0

I've been working with pytesseract the past days, and I've noticed that the library is quite bad at identifying numbers. I do not know, if I am doing something wrong, but I keep getting as an output.

class Image_Recognition():
    def digit_identification(self):
        # save normal screenshot
        screen = ImageGrab.grab(bbox=(706,226,1200,726))
        screen.save(r'tmp\tmp.png')

        # read the image file
        img = cv2.imread(r'tmp\tmp.png', 2)
        
        # convert to binary image
        [ret, bw_img] = cv2.threshold(img, 200, 255, cv2.THRESH_BINARY)

        # use OCR library to identify numbers in screenshot
        text = pytesseract.image_to_string(bw_img)
        print(text)

INPUT:

Input 1

Input 2

(Converted to a binary image in order to make numbers more intelligible.)

OUTPUT:

Tell me if there is something off, or just suggest other approaches for handling text recognition.

HansHirse
  • 18,010
  • 10
  • 38
  • 67
Ekhi Arzac
  • 89
  • 1
  • 10

1 Answers1

2

First of all, please read the article Improving the quality of the output, especially the section regarding the page segmentation method. Also, you can limit the characters to be found to digits 0-9.

You have a tiny image, which makes extraction of all numbers at once quite challenging, especially for the mixture of bright text on dark background and vice versa. But, you can quite easily crop all the single tiles, and extract the numbers one by one. So, no distinction between these two types of tiles needs to be made.

Also, you know, that numbers must be multiples of two (I guess, most people will know 2048).

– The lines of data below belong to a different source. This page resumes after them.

lemma lyapunov_combination:
  fixes n0 n1 GX0 GX1 HY0 HY1 Bn0 Bn1 X1 X0 Xd Sd Y1 Y0 Yd Td RR RR0 Rb R0b bb aa HYs HYt Sfd Sgd
    \<alpha> \<tau> \<sigma> \<delta> \<beta> :: real
  assumes I: "(n1 - n0) / (2*\<tau>*\<sigma>) + (GX1 - GX0)/2 + (HY1 - HY0)/2 + \<sigma>/2 * (Bn1 - Bn0)
     + X1/2 + X0/2 - Xd/2 + (Xd + Sd)/2 + Y1/2 + Y0/2 - Yd/2 + HYt/2
     + (1 - \<tau>/2)*\<sigma>*RR - \<sigma>*Rb + \<sigma>/2*bb \<le> 0"
    and HYt: "HYt = Yd + Td"
    and M: "\<sigma>*Rb \<le> (1-\<tau>)*\<sigma>*R0b + HYs/2 - HYt/2"
    and CS: "(1-\<tau>)*\<sigma>*R0b \<le> \<sigma>*\<delta>/2*bb + \<beta>*RR0"
    and AX: "aa \<le> 2*(RR - 2*Rb + bb) + 2*RR0"
    and px: "Sfd/2 \<le> X1 + X0" and py: "Sgd/2 \<le> Y1 + Y0"
    and a: "0 \<le> \<alpha>" "\<alpha> \<le> 1" and s: "0 < \<sigma>" and t: "0 < \<tau>"
  shows "(n0/(2*\<tau>*\<sigma>) + GX0/2 + HY0/2 + \<sigma>/2*Bn0 + \<alpha>/2*HYs + (\<alpha>*\<beta> + (1-\<alpha>)*\<sigma>/2)*RR0)
       - (n1/(2*\<tau>*\<sigma>) + GX1/2 + HY1/2 + \<sigma>/2*Bn1 + \<alpha>/2*HYt + (\<alpha>*\<beta> + (1-\<alpha>)*\<sigma>/2)*RR)
     \<ge> (Sfd/2 + Sd + (1-\<alpha>)*\<sigma>/2*aa)/2 + (Sgd/2 + Td + (1-\<delta>)*\<alpha>*\<sigma>*bb)/2
       + (\<sigma>*(\<alpha>*(1-\<tau>/2) + (1-\<tau>)*(1-\<alpha>)/2) - (\<alpha>*\<beta> + (1-\<alpha>)*\<sigma>/2)) * RR"
proof -
  let ?sI = "- ((n1 - n0) / (2*\<tau>*\<sigma>) + (GX1 - GX0)/2 + (HY1 - HY0)/2 + \<sigma>/2 * (Bn1 - Bn0)
     + X1/2 + X0/2 - Xd/2 + (Xd + Sd)/2 + Y1/2 + Y0/2 - Yd/2 + HYt/2
     + (1 - \<tau>/2)*\<sigma>*RR - \<sigma>*Rb + \<sigma>/2*bb)"
  let ?sM = "(1-\<tau>)*\<sigma>*R0b + HYs/2 - HYt/2 - \<sigma>*Rb"
  let ?sC = "\<sigma>*\<delta>/2*bb + \<beta>*RR0 - (1-\<tau>)*\<sigma>*R0b"
  let ?sA = "2*(RR - 2*Rb + bb) + 2*RR0 - aa"
  let ?sx = "X1 + X0 - Sfd/2" let ?sy = "Y1 + Y0 - Sgd/2"
  have nn: "0 \<le> ?sI" "0 \<le> ?sM" "0 \<le> ?sC" "0 \<le> ?sA" "0 \<le> ?sx" "0 \<le> ?sy"
    using I M CS AX px py by linarith+
  have "0 \<le> ?sI + \<alpha> * ?sM + \<alpha> * ?sC + ((1-\<alpha>)*\<sigma>/4) * ?sA + ?sx/2 + ?sy/2"
    using nn a s by (intro add_nonneg_nonneg mult_nonneg_nonneg) auto
  also have "?sI + \<alpha> * ?sM + \<alpha> * ?sC + ((1-\<alpha>)*\<sigma>/4) * ?sA + ?sx/2 + ?sy/2
    = (n0/(2*\<tau>*\<sigma>) + GX0/2 + HY0/2 + \<sigma>/2*Bn0 + \<alpha>/2*HYs + (\<alpha>*\<beta> + (1-\<alpha>)*\<sigma>/2)*RR0)
       - (n1/(2*\<tau>*\<sigma>) + GX1/2 + HY1/2 + \<sigma>/2*Bn1 + \<alpha>/2*HYt + (\<alpha>*\<beta> + (1-\<alpha>)*\<sigma>/2)*RR)
     - ((Sfd/2 + Sd + (1-\<alpha>)*\<sigma>/2*aa)/2 + (Sgd/2 + Td + (1-\<delta>)*\<alpha>*\<sigma>*bb)/2
       + (\<sigma>*(\<alpha>*(1-\<tau>/2) + (1-\<tau>)*(1-\<alpha>)/2) - (\<alpha>*\<beta> + (1-\<alpha>)*\<sigma>/2)) * RR)"
    unfolding HYt by (simp add: algebra_simps diff_divide_distrib add_divide_distrib)
  finally show ?thesis by linarith
qed


lemma multiplier_update_identity:
  fixes a1 b1 b0 ze0 ze1 R w Bdy :: "'a::real_inner"
  assumes R: "R = a1 + b1" and w: "w = R - Bdy" and Bdy: "Bdy = b1 - b0"
    and z: "ze1 = ze0 + (\<tau>*\<sigma>) *\<^sub>R R" and ts: "\<tau>*\<sigma> \<noteq> 0"
  shows "ze0 \<bullet> a1 + \<sigma> * (w \<bullet> a1) + ze0 \<bullet> b1 + \<sigma> * (R \<bullet> b1)
     = ((norm ze1)\<^sup>2 - (norm ze0)\<^sup>2) / (2*\<tau>*\<sigma>) + (1 - \<tau>/2)*\<sigma>*(norm R)\<^sup>2 - \<sigma>*(R \<bullet> Bdy)
       + \<sigma>/2 * ((norm b1)\<^sup>2 - (norm b0)\<^sup>2 + (norm Bdy)\<^sup>2)"
proof -
  have n1: "(norm ze1)\<^sup>2 = (norm ze0)\<^sup>2 + 2*(\<tau>*\<sigma>)*(ze0 \<bullet> R) + (\<tau>*\<sigma>)\<^sup>2 * (norm R)\<^sup>2"
    unfolding z norm_add_square by (simp add: power_mult_distrib)
  have b0: "b0 = b1 - Bdy" using Bdy by simp
  have nb0: "(norm b0)\<^sup>2 = (norm b1)\<^sup>2 - 2*(b1 \<bullet> Bdy) + (norm Bdy)\<^sup>2"
    unfolding b0 norm_diff_square ..
  have a1: "a1 = R - b1" using R by simp
  have l1: "ze0 \<bullet> a1 + ze0 \<bullet> b1 = ze0 \<bullet> R" by (simp add: R inner_add_right)
  have l2: "w \<bullet> a1 + R \<bullet> b1 = (norm R)\<^sup>2 - R \<bullet> Bdy + b1 \<bullet> Bdy"
    unfolding w a1 by (simp add: inner_diff_left inner_diff_right power2_norm_eq_inner inner_commute)
  have l3: "ze0 \<bullet> R = ((norm ze1)\<^sup>2 - (norm ze0)\<^sup>2 - (\<tau>*\<sigma>)\<^sup>2 * (norm R)\<^sup>2) / (2*\<tau>*\<sigma>)"
    using n1 ts by (simp add: field_simps)
  have "ze0 \<bullet> a1 + \<sigma> * (w \<bullet> a1) + ze0 \<bullet> b1 + \<sigma> * (R \<bullet> b1) = ze0 \<bullet> R + \<sigma> * ((norm R)\<^sup>2 - R \<bullet> Bdy + b1 \<bullet> Bdy)"
    unfolding l2[symmetric] l1[symmetric] by (simp add: algebra_simps)
  also have "\<dots> = ((norm ze1)\<^sup>2 - (norm ze0)\<^sup>2) / (2*\<tau>*\<sigma>) + (1 - \<tau>/2)*\<sigma>*(norm R)\<^sup>2 - \<sigma>*(R \<bullet> Bdy)
       + \<sigma>/2 * ((norm b1)\<^sup>2 - (norm b0)\<^sup>2 + (norm Bdy)\<^sup>2)"
    unfolding l3 nb0 using ts by (simp add: field_simps power2_eq_square)
  finally show ?thesis .
qed
(* Any set of reflections of $G_6$ containing at least one element of $R'=R_1\cup R_1^{-1}$ and at least one element of $S$ generates the entire group $G_6$.
   Context: Let $G_7$ be the subgroup of $GL_2(\mathbb{C})$ generated by $s=\begin{bmatrix}1&0\\0&-1\end{bmatrix}$, $t=\frac14\begin{bmatrix}(1+\sqrt3)+(-1+\sqrt3)i & (1+\sqrt3)+(-1+\sqrt3)i\\ (-1+\sqrt3)-(1+\sqrt3)i & (1-\sqrt3)+(1+\sqrt3)i\end{bmatrix}$ and $u=t^{\top}$ (presentation $\langle s,t,u\mid s^2=t^3=u^3=1,\ stu=ust=tus\rangle$, order $144$). A reflection is a linear map of $\mathbb{C}^2$ whose fixed space has dimension $1$. Let $S$ be the $G_7$-conjugacy class of $s$ (six reflections of order $2$), $R_1$ the $G_7$-conjugacy class of $t$ (four reflections of order $3$), and $R_1^{-1}=\{r^{-1}:r\in R_1\}$. Let $G_6=\langle s,t\rangle$, of order $48$; its fourteen reflections are the elements of $R_1\cup R_1^{-1}\cup S$, and $R_1$, $R_1^{-1}$, $S$ are its reflection conjugacy classes. *)

theory Defs
  imports "HOL-Analysis.Analysis"
begin

type_synonym cmat = "complex^2^2"

definition mat2 :: "complex \<Rightarrow> complex \<Rightarrow> complex \<Rightarrow> complex \<Rightarrow> cmat" where
  "mat2 a b c d = vector [vector [a, b], vector [c, d]]"

definition r3 :: complex where "r3 = complex_of_real (sqrt 3)"

definition s_mat :: cmat where "s_mat = mat2 1 0 0 (-1)"

definition t_mat :: cmat where
  "t_mat = mat2 (((1 + r3) + (-1 + r3) * \<i>) / 4) (((1 + r3) + (-1 + r3) * \<i>) / 4)
                (((-1 + r3) - (1 + r3) * \<i>) / 4) (((1 - r3) + (1 + r3) * \<i>) / 4)"

definition u_mat :: cmat where "u_mat = transpose t_mat"

inductive_set gen_group :: "cmat set \<Rightarrow> cmat set" for X :: "cmat set" where
  gen_one: "mat 1 \<in> gen_group X"
| gen_base: "x \<in> X \<Longrightarrow> x \<in> gen_group X"
| gen_mult: "a \<in> gen_group X \<Longrightarrow> b \<in> gen_group X \<Longrightarrow> a ** b \<in> gen_group X"
| gen_inv: "a \<in> gen_group X \<Longrightarrow> matrix_inv a \<in> gen_group X"

definition G7 :: "cmat set" where "G7 = gen_group {s_mat, t_mat, u_mat}"
definition G6 :: "cmat set" where "G6 = gen_group {s_mat, t_mat}"

definition is_reflection :: "cmat \<Rightarrow> bool" where
  "is_reflection A \<longleftrightarrow> vec.dim {v :: complex^2. A *v v = v} = 1"

definition conj_class_G7 :: "cmat \<Rightarrow> cmat set" where
  "conj_class_G7 x = {g ** x ** matrix_inv g | g. g \<in> G7}"

definition S_cls :: "cmat set" where "S_cls = conj_class_G7 s_mat"
definition R1 :: "cmat set" where "R1 = conj_class_G7 t_mat"
definition R1_inv :: "cmat set" where "R1_inv = matrix_inv ` R1"
definition R' :: "cmat set" where "R' = R1 \<union> R1_inv"

definition reflections_G6 :: "cmat set" where
  "reflections_G6 = {A \<in> G6. is_reflection A}"

end

theory Submission
  imports Defs
begin

text \<open>
  All entries of s and t lie in Q(sqrt 3, i), so products in G6 can be computed exactly over the
  rationals. Right multiplication by s and t permutes an explicit list of 48 matrices containing 1,
  and a finite set closed under right multiplication by invertible generators contains the group
  they generate; hence G6 lies in this list. Trace and determinant are invariant under
  G7-conjugation, which leaves 4 candidates for an element of R1 in G6 and 6 for an element of S.
  For each of the 24 pairs, s and t are explicit words in the pair. An element of R1^-1
  contributes its inverse, which lies in R1.
\<close>

lemma gen_group_subset_gen_group:
  assumes "X \<subseteq> gen_group Y"
  shows "gen_group X \<subseteq> gen_group Y"
proof
  fix a assume "a \<in> gen_group X"
  then show "a \<in> gen_group Y"
    using assms by induction (auto intro: gen_group.intros)
qed

lemma matrix_inv_inverse:
  fixes A :: "'a::semiring_1^'n^'n"
  assumes "invertible A"
  shows "A ** matrix_inv A = mat 1" and "matrix_inv A ** A = mat 1"
  using someI_ex[OF assms[unfolded invertible_def]] by (auto simp: matrix_inv_def)

lemma matrix_inv_unique:
  fixes A B :: "'a::semiring_1^'n^'n"
  assumes "A ** B = mat 1" and "B ** A = mat 1"
  shows "matrix_inv A = B"
proof -
  have "invertible A"
    using assms invertible_def by blast
  have "matrix_inv A = matrix_inv A ** (A ** B)"
    by (simp add: assms(1))
  also have "\<dots> = (matrix_inv A ** A) ** B"
    by (simp add: matrix_mul_assoc)
  also have "\<dots> = B"
    by (simp add: matrix_inv_inverse(2)[OF \<open>invertible A\<close>])
  finally show ?thesis .
qed

lemma invertible_matrix_inv:
  fixes A :: "'a::semiring_1^'n^'n"
  shows "invertible A \<Longrightarrow> invertible (matrix_inv A)"
  using matrix_inv_inverse invertible_def by blast

lemma matrix_inv_matrix_inv:
  fixes A :: "'a::semiring_1^'n^'n"
  shows "invertible A \<Longrightarrow> matrix_inv (matrix_inv A) = A"
  by (simp add: matrix_inv_inverse matrix_inv_unique)

lemma invertible_transpose:
  fixes A :: "'a::comm_semiring_1^'n^'n"
  shows "invertible A \<Longrightarrow> invertible (transpose A)"
  by (metis invertible_def matrix_transpose_mul transpose_mat)

lemma invertible_gen_group:
  assumes "\<forall>x\<in>X. invertible x" and "a \<in> gen_group X"
  shows "invertible a"
  using assms(2,1)
  by induction (auto intro: invertible_mult invertible_matrix_inv simp: invertible_def[of "mat 1"])

lemma gen_group_subset_right_closed:
  assumes "finite L" and "mat 1 \<in> L" and "\<forall>x\<in>X. invertible x"
    and "\<And>a x. a \<in> L \<Longrightarrow> x \<in> X \<Longrightarrow> a ** x \<in> L"
  shows "gen_group X \<subseteq> L"
proof -
  define M where "M = {g. invertible g \<and> (\<lambda>a. a ** g) ` L \<subseteq> L}"
  have "g \<in> M" if "g \<in> gen_group X" for g
    using that
  proof induction
    case gen_one
    show ?case
      by (auto simp: M_def invertible_def)
  next
    case (gen_base x)
    then show ?case
      using assms(3,4) by (auto simp: M_def)
  next
    case (gen_mult g h)
    then show ?case
      by (fastforce simp: M_def invertible_mult matrix_mul_assoc[symmetric])
  next
    case (gen_inv g)
    then have g: "invertible g" and gL: "(\<lambda>a. a ** g) ` L \<subseteq> L"
      by (auto simp: M_def)
    have "inj_on (\<lambda>a. a ** g) L"
      by (rule inj_onI) (metis g matrix_inv_inverse(1) matrix_mul_assoc matrix_mul_rid)
    then have onto: "(\<lambda>a. a ** g) ` L = L"
      using endo_inj_surj[OF assms(1) gL] by blast
    have "a ** matrix_inv g \<in> L" if "a \<in> L" for a
    proof -
      obtain b where "b \<in> L" "a = b ** g"
        using onto \<open>a \<in> L\<close> by blast
      then show ?thesis
        by (simp add: g matrix_inv_inverse(1) matrix_mul_assoc[symmetric])
    qed
    then show ?case
      using g invertible_matrix_inv by (auto simp: M_def)
  qed
  then show ?thesis
    using assms(2) by (force simp: M_def)
qed

lemma trace_conj:
  fixes g a :: "'a::field^'n^'n"
  assumes "invertible g"
  shows "trace (g ** a ** matrix_inv g) = trace a"
proof -
  have "trace (g ** a ** matrix_inv g) = trace (matrix_inv g ** (g ** a))"
    by (rule trace_mul_sym)
  then show ?thesis
    by (simp add: matrix_mul_assoc matrix_inv_inverse(2)[OF assms])
qed

lemma det_conj:
  fixes g a :: "'a::field^'n^'n"
  assumes "invertible g"
  shows "det (g ** a ** matrix_inv g) = det a"
proof -
  have "det g * det (matrix_inv g) = 1"
    using det_mul[of g "matrix_inv g"] by (simp add: matrix_inv_inverse(1)[OF assms])
  then show ?thesis
    by (simp add: det_mul algebra_simps)
qed

section \<open>Exact arithmetic in Q(sqrt 3, i)\<close>

text \<open>(a, b, c, d) stands for a + b sqrt 3 + (c + d sqrt 3) i.\<close>

type_synonym qi3 = "rat \<times> rat \<times> rat \<times> rat"

fun qi3_val :: "qi3 \<Rightarrow> complex" where
  "qi3_val (a, b, c, d) = Complex (of_rat a + of_rat b * sqrt 3) (of_rat c + of_rat d * sqrt 3)"

fun qi3_add :: "qi3 \<Rightarrow> qi3 \<Rightarrow> qi3" where
  "qi3_add (a, b, c, d) (e, f, g, h) = (a + e, b + f, c + g, d + h)"

fun qi3_diff :: "qi3 \<Rightarrow> qi3 \<Rightarrow> qi3" where
  "qi3_diff (a, b, c, d) (e, f, g, h) = (a - e, b - f, c - g, d - h)"

fun qi3_mult :: "qi3 \<Rightarrow> qi3 \<Rightarrow> qi3" where
  "qi3_mult (a, b, c, d) (e, f, g, h) =
     (a*e + 3*b*f - c*g - 3*d*h, a*f + b*e - c*h - d*g,
      a*g + c*e + 3*b*h + 3*d*f, a*h + d*e + b*g + c*f)"

lemma qi3_val_add: "qi3_val (qi3_add x y) = qi3_val x + qi3_val y"
  by (cases x; cases y) (simp add: complex_eq_iff of_rat_add algebra_simps)

lemma qi3_val_diff: "qi3_val (qi3_diff x y) = qi3_val x - qi3_val y"
  by (cases x; cases y) (simp add: complex_eq_iff of_rat_diff algebra_simps)

lemma qi3_val_mult: "qi3_val (qi3_mult x y) = qi3_val x * qi3_val y"
proof -
  have sqrt3: "sqrt 3 * (sqrt 3 * r) = 3 * r" for r :: real
    by (simp add: mult.assoc[symmetric])
  show ?thesis
    by (cases x; cases y)
       (simp add: complex_eq_iff of_rat_add of_rat_diff of_rat_mult algebra_simps sqrt3)
qed

text \<open>
  Since sqrt 3 is irrational, a + b sqrt 3 = 0 forces a = b = 0. The weaker consequence that the
  norm a^2 - 3 b^2 vanishes needs no irrationality proof and already singles out the candidates
  below.
\<close>

definition sqrt3_norm :: "rat \<Rightarrow> rat \<Rightarrow> rat" where
  "sqrt3_norm a b = a * a - 3 * b * b"

lemma sqrt3_norm_eq_0:
  assumes "of_rat a + of_rat b * sqrt 3 = (0::real)"
  shows "sqrt3_norm a b = 0"
proof -
  have "(of_rat a :: real) = - of_rat b * sqrt 3"
    using assms by linarith
  then have "(of_rat (a * a) :: real) = of_rat (3 * b * b)"
    by (simp add: of_rat_mult algebra_simps)
  then show ?thesis
    by (simp add: sqrt3_norm_def)
qed

fun qi3_null :: "qi3 \<Rightarrow> bool" where
  "qi3_null (a, b, c, d) \<longleftrightarrow> sqrt3_norm a b = 0 \<and> sqrt3_norm c d = 0"

lemma qi3_null_diff_if_val_eq:
  assumes "qi3_val x = qi3_val y"
  shows "qi3_null (qi3_diff x y)"
proof -
  have "qi3_val (qi3_diff x y) = 0"
    by (simp add: qi3_val_diff assms)
  then show ?thesis
    by (cases "qi3_diff x y") (auto simp: complex_eq_iff intro: sqrt3_norm_eq_0)
qed

lemma mat2_nth [simp]:
  "mat2 a b c d $ 1 $ 1 = a" "mat2 a b c d $ 1 $ 2 = b"
  "mat2 a b c d $ 2 $ 1 = c" "mat2 a b c d $ 2 $ 2 = d"
  by (simp_all add: mat2_def vector_2)

lemma mat2_eq_iff:
  "mat2 a b c d = mat2 a' b' c' d' \<longleftrightarrow> a = a' \<and> b = b' \<and> c = c' \<and> d = d'"
  by (metis mat2_nth)

lemma mat2_mult:
  "mat2 a b c d ** mat2 e f g h = mat2 (a*e + b*g) (a*f + b*h) (c*e + d*g) (c*f + d*h)"
  by (simp add: vec_eq_iff forall_2 matrix_matrix_mult_def UNIV_2)

lemma mat_1_eq_mat2: "(mat 1 :: cmat) = mat2 1 0 0 1"
  by (simp add: vec_eq_iff forall_2 mat_def)

lemma trace_mat2: "trace (mat2 a b c d) = a + d"
  by (simp add: trace_def UNIV_2)

lemma det_mat2: "det (mat2 a b c d) = a * d - b * c"
  by (simp add: det_2)

type_synonym qmat = "qi3 \<times> qi3 \<times> qi3 \<times> qi3"

fun qmat_val :: "qmat \<Rightarrow> cmat" where
  "qmat_val (a, b, c, d) = mat2 (qi3_val a) (qi3_val b) (qi3_val c) (qi3_val d)"

fun qmat_mult :: "qmat \<Rightarrow> qmat \<Rightarrow> qmat" where
  "qmat_mult (a, b, c, d) (e, f, g, h) =
     (qi3_add (qi3_mult a e) (qi3_mult b g), qi3_add (qi3_mult a f) (qi3_mult b h),
      qi3_add (qi3_mult c e) (qi3_mult d g), qi3_add (qi3_mult c f) (qi3_mult d h))"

So, if no such a number could be found, try upscaling the cropped tile, and repeat. (Eventually, give up after a few times.)

That'd be my full code:

import cv2
import math
import pytesseract


# https://www.geeksforgeeks.org/python-program-to-find-whether-a-no-is-power-of-two/
def log2(x):
    return math.log10(x) / math.log10(2)


# https://www.geeksforgeeks.org/python-program-to-find-whether-a-no-is-power-of-two/
def is_power_of_2(n):
    return math.ceil(log2(n)) == math.floor(log2(n))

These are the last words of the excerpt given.